In Lessing’s version the parable is greatly expanded and embellished with many elevated sentiments. The stone of the ring “ha[s] had the hidden virtue him to render/ Of God and man beloved, who in this view,/ And this persuasion, wore it.”3 Regarding the claims of the three sons, Nathan observes that Muslim, Jew and Christian have equal grounds for their beliefs, namely the word of their loved and trusted ancestors: “How can I less believe in my forefathers/ Than thou in thine. […] The like of Christians.” As in preceding versions, Saladin concedes the game. “By the living God,/ The man is in the right, I must be silent.” Not content with this, Nathan has the three sons take their quarrel to a judge, who declines to pronounce judgment but notes that the real ring should eventually manifest its “hidden power to make the wearer/ Of God and man beloved” through their actions. Each brother should “… vie with both his brothers in displaying/ The virtue of his ring; assist its might/ With gentleness, benevolence, forbearance.“ Thus, Lessing/Nathan envisions a contest of virtue among the three religions, each determined to make the best of his own while refraining from enforcing it upon others. Lessing/Nathan’s “modest judge” concludes with the suggestion that after “a thousand thousand years” the litigants’ descendants might then appear before a greater judge, who would then decide. Nathan clinches the argument:

NATHAN.  Saladin,
Feel'st thou thyself this wiser, promised man?
Again Saladin obligingly yields to the force of truth.
SALADIN.  I dust, I nothing, God! [Precipitates himself upon Nathan, and takes hold of his hand, which he does not quit the remainder of the scene.]
Nathan then offers the loan of his own accord; Saladin accepts with shamefaced reluctance; later a long-expected tribute replenishes Saladin’s coffers, evidently obviating the need for the loan, which is forgotten amid the happy resolution of an elaborate subplot. But note again that the power relations are still there, in the guise of a contest of magnanimity which the Jew must win in order to keep in Saladin’s – and the audience’s – good graces.

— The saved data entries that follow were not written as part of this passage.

(* Let $P(z,\bar z)=\sum_{j+k\leq n}\alpha_{j,k} z^j\bar z^k$ be an irreducible polyanalytic polynomial such that $|\alpha_{j,k}|\neq|\alpha_{k,j}|$ for some indices $j,k$. Then $P$ has only finitely many zeros in $\mathbb{C}$.
   Context: A polyanalytic polynomial is a function $\mathbb{C}\to\mathbb{C}$ of the form $P(z,\bar z)=\sum_{j+k\le n}\alpha_{j,k} z^j \bar z^{k}$ with complex coefficients (a polynomial in $z$ and $\bar z$); two such polynomials are equal iff all coefficients agree. Its degree is the largest $j+k$ with $\alpha_{j,k}\neq 0$. $P$ is called reducible if $P=P_1P_2$ for polyanalytic polynomials $P_1,P_2$ with $\deg(P_1),\deg(P_2)\geq 1$, and irreducible otherwise. A zero of $P$ is a point $z\in\mathbb{C}$ with $P(z,\bar z)=0$. *)

theory Defs
  imports Complex_Main "HOL-Computational_Algebra.Polynomial"
begin

text \<open>A polyanalytic polynomial is represented as a bivariate polynomial
  P :: complex poly poly: the outer variable stands for z, the inner one for
  conj z. The coefficient alpha_{j,k} of z^j (conj z)^k is coeff (coeff P j) k.\<close>

definition pa_coeff :: "complex poly poly \<Rightarrow> nat \<Rightarrow> nat \<Rightarrow> complex" where
  "pa_coeff P j k = coeff (coeff P j) k"

definition pa_degree :: "complex poly poly \<Rightarrow> nat" where
  "pa_degree P = (if P = 0 then 0 else Max {j + k | j k. pa_coeff P j k \<noteq> 0})"

definition pa_eval :: "complex poly poly \<Rightarrow> complex \<Rightarrow> complex" where
  "pa_eval P z = (\<Sum>j\<le>degree P. \<Sum>k\<le>degree (coeff P j). pa_coeff P j k * z ^ j * cnj z ^ k)"

definition pa_reducible :: "complex poly poly \<Rightarrow> bool" where
  "pa_reducible P \<longleftrightarrow> (\<exists>P1 P2. P = P1 * P2 \<and> pa_degree P1 \<ge> 1 \<and> pa_degree P2 \<ge> 1)"

definition pa_irreducible :: "complex poly poly \<Rightarrow> bool" where
  "pa_irreducible P \<longleftrightarrow> \<not> pa_reducible P"

end

theory Submission
  imports
    Defs
    "HOL-Computational_Algebra.Polynomial_Factorial"
    "HOL-Computational_Algebra.Field_as_Ring"
begin

text \<open>Let \<open>P\<^sup>*\<close> be the polyanalytic polynomial with coefficients \<open>cnj \<alpha>\<^sub>k\<^sub>,\<^sub>j\<close>; then
  \<open>P\<^sup>*(z, cnj z) = cnj (P(z, cnj z))\<close>, so every zero of \<open>P\<close> is a common zero of \<open>P\<close>
  and \<open>P\<^sup>*\<close>. Regard both as polynomials in \<open>z\<close> over \<open>\<complex>[w]\<close>. If they have a common
  factor of positive \<open>z\<close>-degree, irreducibility makes \<open>P\<close> divide \<open>P\<^sup>*\<close>; conjugating
  back shows \<open>P\<^sup>* = c P\<close> with \<open>\<bar>c\<bar> = 1\<close>, whence \<open>\<bar>\<alpha>\<^sub>j\<^sub>,\<^sub>k\<bar> = \<bar>\<alpha>\<^sub>k\<^sub>,\<^sub>j\<bar>\<close> for all \<open>j, k\<close>.
  Otherwise an element of minimal \<open>z\<close>-degree of the ideal \<open>(P, P\<^sup>*)\<close> is a nonzero
  polynomial \<open>d(w)\<close>, and the zeros of \<open>P\<close> are among the conjugates of its finitely many
  roots.\<close>

lemma poly_const_combination_or_common_factor:
  fixes P Q :: "'a :: {factorial_ring_gcd, semiring_gcd_mult_normalize} poly"
  assumes "P \<noteq> 0"
  obtains a b d where "d \<noteq> 0" "a * P + b * Q = [:d:]"
  | h where "degree h > 0" "h dvd P" "h dvd Q"
proof -
  define S where "S = {D. D \<noteq> 0 \<and> (\<exists>a b. D = a * P + b * Q)}"
  have "P = 1 * P + 0 * Q" by simp
  then have "P \<in> S" unfolding S_def using assms by blast
  then obtain D where "D \<in> S" and D_min: "\<And>D'. D' \<in> S \<Longrightarrow> degree D \<le> degree D'"
    using ex_has_least_nat[of "\<lambda>D. D \<in> S" P degree] by blast
  then obtain a b where "D \<noteq> 0" and D: "D = a * P + b * Q" unfolding S_def by blast
  show thesis
  proof (cases "degree D = 0")
    case True
    with \<open>D \<noteq> 0\<close> have "coeff D 0 \<noteq> 0" by (metis leading_coeff_0_iff)
    moreover have "a * P + b * Q = [:coeff D 0:]" using True D by (metis degree_0_id)
    ultimately show thesis by (rule that(1))
  next
    case False
    \<comment> \<open>the pseudo-remainder of any \<open>F\<close> in the ideal by \<open>D\<close> lies in the ideal and has smaller
      degree than \<open>D\<close>, so it vanishes\<close>
    have "primitive_part D dvd F" if F: "F = a' * P + b' * Q" for F a' b'
    proof -
      obtain c q where "c \<noteq> 0" and c: "smult c F = D * q + pseudo_mod F D"
        and "pseudo_mod F D = 0 \<or> degree (pseudo_mod F D) < degree D"
        using pseudo_mod[OF \<open>D \<noteq> 0\<close>, of F] by blast
      moreover have "pseudo_mod F D = (smult c a' - q * a) * P + (smult c b' - q * b) * Q"
        using c unfolding F D by (simp add: algebra_simps smult_add_right)
      ultimately have "pseudo_mod F D = 0"
        using D_min[of "pseudo_mod F D"] unfolding S_def by force
      with c have "primitive_part D dvd primitive_part (smult c F)" by auto
      also have "\<dots> = [:unit_factor c:] * primitive_part F"
        by (simp add: primitive_part_smult)
      also have "\<dots> dvd primitive_part F"
        by (rule mult_unit_dvd_iff'[THEN iffD2])
          (use \<open>c \<noteq> 0\<close> in \<open>simp_all add: is_unit_const_poly_iff unit_factor_is_unit\<close>)
      also have "primitive_part F dvd F"
        by (metis content_times_primitive_part dvd_smult dvd_refl)
      finally show ?thesis .
    qed
    from this[of P 1 0] this[of Q 0 1] show thesis
      using that(2)[of "primitive_part D"] False by simp
  qed
qed

lemma pa_ext: "(\<And>j k. pa_coeff A j k = pa_coeff B j k) \<Longrightarrow> A = B"
  unfolding pa_coeff_def by (simp add: poly_eq_iff)

lemma pa_coeff_mult:
  "pa_coeff (A * B) j k = (\<Sum>i\<le>j. \<Sum>l\<le>k. pa_coeff A i l * pa_coeff B (j - i) (k - l))"
  unfolding pa_coeff_def coeff_mult by (simp add: coeff_sum coeff_mult)

lemma pa_eval_eq_poly: "pa_eval P z = poly (poly P [:z:]) (cnj z)"
proof -
  have "poly (poly P [:z:]) (cnj z) = (\<Sum>j\<le>degree P. poly (coeff P j) (cnj z) * z ^ j)"
    by (simp add: poly_altdef[of P] poly_sum poly_power)
  also have "\<dots> = pa_eval P z"
    unfolding pa_eval_def pa_coeff_def
    by (intro sum.cong refl) (simp add: poly_altdef sum_distrib_left sum_distrib_right mult_ac)
  finally show ?thesis by simp
qed

lemma finite_pa_degree_set: "finite {j + k | j k. pa_coeff P j k \<noteq> 0}"
proof -
  have "{(j, k). pa_coeff P j k \<noteq> 0} \<subseteq> (SIGMA j:{..degree P}. {..degree (coeff P j)})"
    unfolding pa_coeff_def by (auto intro: le_degree)
  then have "finite {(j, k). pa_coeff P j k \<noteq> 0}" by (rule finite_subset) auto
  from finite_imageI[OF this, of "\<lambda>(j, k). j + k"] show ?thesis
    by (rule rev_finite_subset) auto
qed

lemma pa_coeff_nonzero_le_degree: "pa_coeff P j k \<noteq> 0 \<Longrightarrow> j + k \<le> pa_degree P"
  unfolding pa_degree_def using finite_pa_degree_set[of P]
  by (auto simp: pa_coeff_def intro!: Max_ge)

lemma pa_eval_eq_sum_square:
  assumes "\<And>j k. pa_coeff P j k \<noteq> 0 \<Longrightarrow> j \<le> N \<and> k \<le> N"
  shows "pa_eval P z = (\<Sum>j\<le>N. \<Sum>k\<le>N. pa_coeff P j k * z ^ j * cnj z ^ k)"
proof -
  have lead: "pa_coeff P j (degree (coeff P j)) \<noteq> 0" if "coeff P j \<noteq> 0" for j
    using that unfolding pa_coeff_def by simp
  have "degree (coeff P j) \<le> N" for j
    using assms[OF lead, of j] by (cases "coeff P j = 0") auto
  moreover have "degree P \<le> N"
    using assms[OF lead, of "degree P"] by (cases "P = 0") auto
  ultimately show ?thesis
    unfolding pa_eval_def
    by (intro sum.mono_neutral_cong_left) (auto simp: pa_coeff_def coeff_eq_0)
qed

definition pa_conj :: "complex poly poly \<Rightarrow> complex poly poly" where
  "pa_conj P = (\<Sum>j\<le>pa_degree P. monom (\<Sum>k\<le>pa_degree P. monom (cnj (pa_coeff P k j)) k) j)"

lemma pa_coeff_pa_conj: "pa_coeff (pa_conj P) j k = cnj (pa_coeff P k j)"
proof -
  have "pa_coeff (pa_conj P) j k =
      (if j \<le> pa_degree P \<and> k \<le> pa_degree P then cnj (pa_coeff P k j) else 0)"
    unfolding pa_conj_def pa_coeff_def by (simp add: coeff_sum coeff_monom)
  also have "\<dots> = cnj (pa_coeff P k j)"
    using pa_coeff_nonzero_le_degree[of P k j] by (cases "pa_coeff P k j = 0") auto
  finally show ?thesis .
qed

lemma pa_conj_pa_conj [simp]: "pa_conj (pa_conj P) = P"
  by (rule pa_ext) (simp add: pa_coeff_pa_conj)

lemma pa_conj_mult: "pa_conj (A * B) = pa_conj A * pa_conj B"
  by (rule pa_ext, unfold pa_coeff_pa_conj pa_coeff_mult) (simp add: cnj_sum, subst sum.swap, simp)

lemma pa_conj_const: "pa_conj [:[:c:]:] = [:[:cnj c:]:]"
  by (rule pa_ext, unfold pa_coeff_pa_conj) (auto simp: pa_coeff_def coeff_pCons split: nat.split)

lemma pa_eval_pa_conj: "pa_eval (pa_conj P) z = cnj (pa_eval P z)"
proof -
  have bound: "j \<le> pa_degree P \<and> k \<le> pa_degree P" if "pa_coeff P j k \<noteq> 0" for j k
    using pa_coeff_nonzero_le_degree[OF that] by simp
  have "pa_eval (pa_conj P) z =
      (\<Sum>j\<le>pa_degree P. \<Sum>k\<le>pa_degree P. pa_coeff (pa_conj P) j k * z ^ j * cnj z ^ k)"
    by (rule pa_eval_eq_sum_square) (auto simp: pa_coeff_pa_conj dest: bound)
  moreover have "pa_eval P z =
      (\<Sum>j\<le>pa_degree P. \<Sum>k\<le>pa_degree P. pa_coeff P j k * z ^ j * cnj z ^ k)"
    by (rule pa_eval_eq_sum_square) (auto dest: bound)
  ultimately show ?thesis
    by (simp add: cnj_sum pa_coeff_pa_conj) (subst sum.swap, simp add: mult_ac)
qed

lemma finite_pa_zeros_if_const_combination:
  assumes "a * P + b * pa_conj P = [:d:]" and "d \<noteq> 0"
  shows "finite {z. pa_eval P z = 0}"
proof -
  have "{z. pa_eval P z = 0} \<subseteq> cnj ` {x. poly d x = 0}"
  proof
    fix z assume "z \<in> {z. pa_eval P z = 0}"
    then have "pa_eval P z = 0" and "pa_eval (pa_conj P) z = 0"
      by (simp_all add: pa_eval_pa_conj)
    then have "pa_eval [:d:] z = 0"
      unfolding assms(1)[symmetric] by (simp add: pa_eval_eq_poly)
    then show "z \<in> cnj ` {x. poly d x = 0}"
      by (intro image_eqI[of _ _ "cnj z"]) (simp_all add: pa_eval_eq_poly)
  qed
  moreover have "finite {x. poly d x = 0}"
    using \<open>d \<noteq> 0\<close> by (rule poly_roots_finite)
  ultimately show ?thesis by (metis finite_imageI finite_subset)
qed

lemma degree_le_pa_degree: "degree P \<le> pa_degree P"
proof (cases "P = 0")
  case False
  then have "pa_coeff P (degree P) (degree (lead_coeff P)) \<noteq> 0"
    unfolding pa_coeff_def by simp
  then show ?thesis using pa_coeff_nonzero_le_degree by fastforce
qed simp

lemma pa_degree_eq_0_imp_unit:
  assumes "pa_degree R = 0" and "R \<noteq> 0"
  shows "is_unit R"
proof -
  have R: "R = [:[:pa_coeff R 0 0:]:]"
  proof (rule pa_ext)
    fix j k
    have "pa_coeff R j k = 0" if "j + k > 0"
      using pa_coeff_nonzero_le_degree[of R j k] that assms(1) by auto
    then show "pa_coeff R j k = pa_coeff [:[:pa_coeff R 0 0:]:] j k"
      by (cases j; cases k) (auto simp: pa_coeff_def)
  qed
  with assms(2) have "pa_coeff R 0 0 \<noteq> 0" by auto
  then show ?thesis by (subst R) (simp add: is_unit_poly_iff dvd_field_iff)
qed

lemma pa_irreducible_dvdD:
  assumes "pa_irreducible P" and "P \<noteq> 0" and "h dvd P" and "degree h > 0"
  shows "P dvd h"
proof -
  from \<open>h dvd P\<close> obtain R where P: "P = h * R" by (elim dvdE)
  have "pa_degree h \<ge> 1"
    using degree_le_pa_degree[of h] \<open>degree h > 0\<close> by linarith
  with assms(1) P have "pa_degree R = 0"
    unfolding pa_irreducible_def pa_reducible_def by force
  moreover have "R \<noteq> 0" using P \<open>P \<noteq> 0\<close> by auto
  ultimately have "is_unit R" by (rule pa_degree_eq_0_imp_unit)
  then show ?thesis unfolding P by (simp add: mult_unit_dvd_iff)
qed

lemma norm_pa_coeff_swap_if_dvd_pa_conj:
  assumes "P dvd pa_conj P"
  shows "norm (pa_coeff P j k) = norm (pa_coeff P k j)"
proof (cases "P = 0")
  case False
  from assms obtain T where T: "pa_conj P = P * T" by (elim dvdE)
  have "P * 1 = pa_conj (pa_conj P)" by simp
  also have "\<dots> = P * (T * pa_conj T)" by (simp add: T pa_conj_mult mult.assoc)
  finally have unit: "T * pa_conj T = 1" using False by simp
  then obtain c where c: "T = [:[:c:]:]"
    by (metis dvdI is_unit_poly_iff)
  from unit have "c * cnj c = 1"
    unfolding c pa_conj_const by (simp add: one_pCons)
  then have "norm c * norm c = 1"
    by (metis complex_mod_cnj norm_mult norm_one)
  then have "norm c = 1"
    using norm_ge_zero[of c] by (auto simp: square_eq_1_iff)
  have "cnj (pa_coeff P k j) = c * pa_coeff P j k"
    using pa_coeff_pa_conj[of P j k] unfolding T c by (simp add: pa_coeff_def)
  then have "norm (pa_coeff P k j) = norm c * norm (pa_coeff P j k)"
    by (metis complex_mod_cnj norm_mult)
  with \<open>norm c = 1\<close> show ?thesis by simp
qed (simp add: pa_coeff_def)

theorem theorem2p9:
  fixes P :: "complex poly poly"
  assumes "pa_irreducible P"
    and "\<exists>j k. norm (pa_coeff P j k) \<noteq> norm (pa_coeff P k j)"
  shows "finite {z. pa_eval P z = 0}"
proof -
  from assms(2) obtain j k where asym: "norm (pa_coeff P j k) \<noteq> norm (pa_coeff P k j)"
    by blast
  then have "P \<noteq> 0" by (auto simp: pa_coeff_def)
  then show ?thesis
  proof (cases rule: poly_const_combination_or_common_factor[where Q = "pa_conj P"])
    case (1 a b d)
    then show ?thesis by (intro finite_pa_zeros_if_const_combination)
  next
    case (2 h)
    have "P dvd h"
      using assms(1) \<open>P \<noteq> 0\<close> \<open>h dvd P\<close> \<open>degree h > 0\<close> by (rule pa_irreducible_dvdD)
    with \<open>h dvd pa_conj P\<close> have "P dvd pa_conj P" by (rule dvd_trans[rotated])
    with asym show ?thesis using norm_pa_coeff_swap_if_dvd_pa_conj by blast
  qed
qed

end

The aforesaid elaborate subplot serves to fill out five acts and also to involve some Christian characters. To cut as straight a path as possible through the labyrinth: Saladin ordinarily executes any Templar who falls into his hands. But he has pardoned one Templar who reminded him of a much-loved deceased brother. This Templar, though he dislikes Jews, nonetheless rescues Nathan’s adopted daughter Recha from a fire. In a meeting with Nathan, he at first expresses Christian prejudice but then yields to the appeal of Nathan’s noble nature. The knowledge that Saladin has pardoned Recha’s rescuer supplies a second, nonpecuniary motive for Nathan’s meeting with Saladin. The Templar falls in love with Recha and asks Nathan for her hand, but Nathan puts him off, wishing first to investigate the Templar’s parentage, for which he is then provided with the necessary clues. In the final scene, Nathan reveals to Saladin, his sister Sittah, the Templar, and Recha that the Templar and Recha are brother and sister, born to Saladin’s late brother and a Christian lady. Thus the wedding is off, but in its place we are offered the hugs and kisses of an interfaith family reunion: “During the silent continuance of reciprocal embraces the curtain falls.”

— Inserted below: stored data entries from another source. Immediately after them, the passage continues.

definition s_path_edges :: "'v set \<Rightarrow> 'e set \<Rightarrow> ('e \<Rightarrow> 'v set) \<Rightarrow> enat \<Rightarrow> 'v \<Rightarrow> 'v \<Rightarrow> 'e list \<Rightarrow> bool" where
  "s_path_edges V E ends s x y es \<longleftrightarrow>
     (\<exists>xs. is_path V E ends xs es \<and> hd xs = x \<and> last xs = y \<and> enat (length es) \<le> s)"

definition has_s_path :: "'v set \<Rightarrow> 'e set \<Rightarrow> ('e \<Rightarrow> 'v set) \<Rightarrow> enat \<Rightarrow> 'v \<Rightarrow> 'v \<Rightarrow> bool" where
  "has_s_path V E ends s x y \<longleftrightarrow> (\<exists>es. s_path_edges V E ends s x y es)"

definition edge_separator :: "'v set \<Rightarrow> 'e set \<Rightarrow> ('e \<Rightarrow> 'v set) \<Rightarrow> enat \<Rightarrow> 'v \<Rightarrow> 'v set \<Rightarrow> 'e set \<Rightarrow> bool" where
  "edge_separator V E ends s x S A \<longleftrightarrow> A \<subseteq> E \<and>
     (\<forall>y\<in>S. \<forall>es. s_path_edges V E ends s x y es \<longrightarrow> set es \<inter> A \<noteq> {})"

definition supp :: "'v set \<Rightarrow> 'e set \<Rightarrow> ('e \<Rightarrow> 'v set) \<Rightarrow> enat \<Rightarrow> 'v \<Rightarrow> 'v set \<Rightarrow> nat" where
  "supp V E ends s x S = (LEAST n. \<exists>A. edge_separator V E ends s x S A \<and> card A = n)"

definition is_layout :: "'v set \<Rightarrow> 'v list \<Rightarrow> bool" where
  "is_layout V L \<longleftrightarrow> distinct L \<and> set L = V"

definition layout_support :: "'v set \<Rightarrow> 'e set \<Rightarrow> ('e \<Rightarrow> 'v set) \<Rightarrow> enat \<Rightarrow> 'v list \<Rightarrow> nat \<Rightarrow> nat" where
  "layout_support V E ends s L i = supp V E ends s (L ! i) (set (take i L))"

definition layout_degeneracy :: "'v set \<Rightarrow> 'e set \<Rightarrow> ('e \<Rightarrow> 'v set) \<Rightarrow> enat \<Rightarrow> 'v list \<Rightarrow> nat" where
  "layout_degeneracy V E ends s L = Max (insert 0 {layout_support V E ends s L i | i. i < length L})"

definition edge_degeneracy :: "'v set \<Rightarrow> 'e set \<Rightarrow> ('e \<Rightarrow> 'v set) \<Rightarrow> enat \<Rightarrow> nat" where
  "edge_degeneracy V E ends s = Min {layout_degeneracy V E ends s L | L. is_layout V L}"

definition edge_hideout :: "'v set \<Rightarrow> 'e set \<Rightarrow> ('e \<Rightarrow> 'v set) \<Rightarrow> nat \<Rightarrow> enat \<Rightarrow> 'v set \<Rightarrow> bool" where
  "edge_hideout V E ends k s R \<longleftrightarrow> R \<subseteq> V \<and> (\<forall>x\<in>R. supp V E ends s x (R - {x}) \<ge> k)"

definition cop_strategy :: "'v set \<Rightarrow> 'e set \<Rightarrow> ('v \<Rightarrow> 'e set) \<Rightarrow> bool" where
  "cop_strategy V E f \<longleftrightarrow> (\<forall>v\<in>V. f v \<subseteq> E)"

definition cop_cost :: "'v set \<Rightarrow> ('v \<Rightarrow> 'e set) \<Rightarrow> nat" where
  "cop_cost V f = Max (insert 0 ((\<lambda>v. card (f v)) ` V))"

definition robber_strategy :: "'v set \<Rightarrow> 'e set \<Rightarrow> ('e \<Rightarrow> 'v set) \<Rightarrow> enat \<Rightarrow> 'v \<Rightarrow> ('e set \<Rightarrow> 'v \<Rightarrow> 'v) \<Rightarrow> bool" where
  "robber_strategy V E ends s v0 g \<longleftrightarrow> v0 \<in> V \<and>
     (\<forall>F. F \<subseteq> E \<longrightarrow> (\<forall>v\<in>V. has_s_path V (E - F) ends s v (g F v)))"

text \<open>Robber positions v_0, v_1, ... of the game scenario (F_i = f v_(i-1)).\<close>
fun robber_pos :: "('v \<Rightarrow> 'e set) \<Rightarrow> 'v \<Rightarrow> ('e set \<Rightarrow> 'v \<Rightarrow> 'v) \<Rightarrow> nat \<Rightarrow> 'v" where
  "robber_pos f v0 g 0 = v0"
| "robber_pos f v0 g (Suc i) = g (f (robber_pos f v0 g i)) (robber_pos f v0 g i)"

definition cop_winning :: "('v \<Rightarrow> 'e set) \<Rightarrow> 'v \<Rightarrow> ('e set \<Rightarrow> 'v \<Rightarrow> 'v) \<Rightarrow> bool" where
  "cop_winning f v0 g \<longleftrightarrow> (\<exists>i. robber_pos f v0 g (Suc i) = robber_pos f v0 g i)"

It would not easy to play Nathan der Weise straight these days. Its style, elegant and elevated, presumes an audience prepared to believe the best about humanity and to participate in outpourings of noble and generous sentiment. That was the period. Nathan der Weise is the verbal equivalent of, say, a symphony by Haydn. We can still listen to the music without embarrassment; words, however, cannot help reminding us of things. The reader no longer caught up in Enlightenment enthusiasm cannot but notice how much Nathan had to give up in order to “deserve” the tolerance Lessing sought to obtain for him. Nathan clinches his victory in the magnanimity contest by relating, to the messenger who once brought him the infant Recha, how her arrival had reconciled him to God and man after the Christians had murdered his wife and seven sons. In a previous scene we were told that Nathan has not reared Recha to be a Jew but has given her only “the mere knowledge/ Of what our reason teaches about God.” It would not have served Lessing’s purpose to mention (if he knew it) that the Torah would have encouraged Nathan to marry again and raise a second family to carry on the lineage and faith of Israel. To portray the "ideal" Jew as one who has foregone all attempts to perpetuate either his lineage or his faith, is to offer tolerance on condition of extinction.

It is also tolerance on condition of dissociation. In the reconciliation scene with the Templar, the Templar begins as a Christian bigot; but when Nathan expounds his live-and-let-live philosophy, the Templar switches gears. Now he is an indignant universalist, railing against the nation that “first began to strike at fellow men” (the Jews invented warfare?), that “first baptized itself the chosen people” and “bequeathed” its pride to Christian and Muslim. His own eyes have been opened by the strife he has witnessed “here” – in the Holy Land. Nathan must (under Friedrich as under Saladin) forbear to mention to whom, in the script which both Christianity and Islam have pirated, the Creator granted that land. Nor may he object to Israel’s being blamed for the misdeeds of the plagiarists. Instead, Nathan magnanimously responds:

We must, we will be friends. Despise my nation -
We did not choose a nation for ourselves.
Are we our nations? What's a nation then?
Were Jews and Christians such, e'er they were men?
And have I found in thee one more, to whom
It is enough to be a man (Mensch)?

At last the Templar is won over, and this exchange too concludes with a handclasp. Nathan, in the name of humanity, has cut himself off from his people. He is to be found only in the singular; no other Jews come onstage, though there are three Muslims and four Christians. Nor may he favor his own; Al-Hafi praises him by saying that he gives “as freely,/ As silently, as nobly, to Jew, Christian,/Mahometan, or Parsee–'tis all one.” Again it would not have been politic to mention that while the Torah does enjoin benevolence toward all, there is also a scale of priorities that enjoins one to provide first for one’s own needs, then for those of one’s family, and so on in widening circles. Without that scale, the Jewish nation would not have survived.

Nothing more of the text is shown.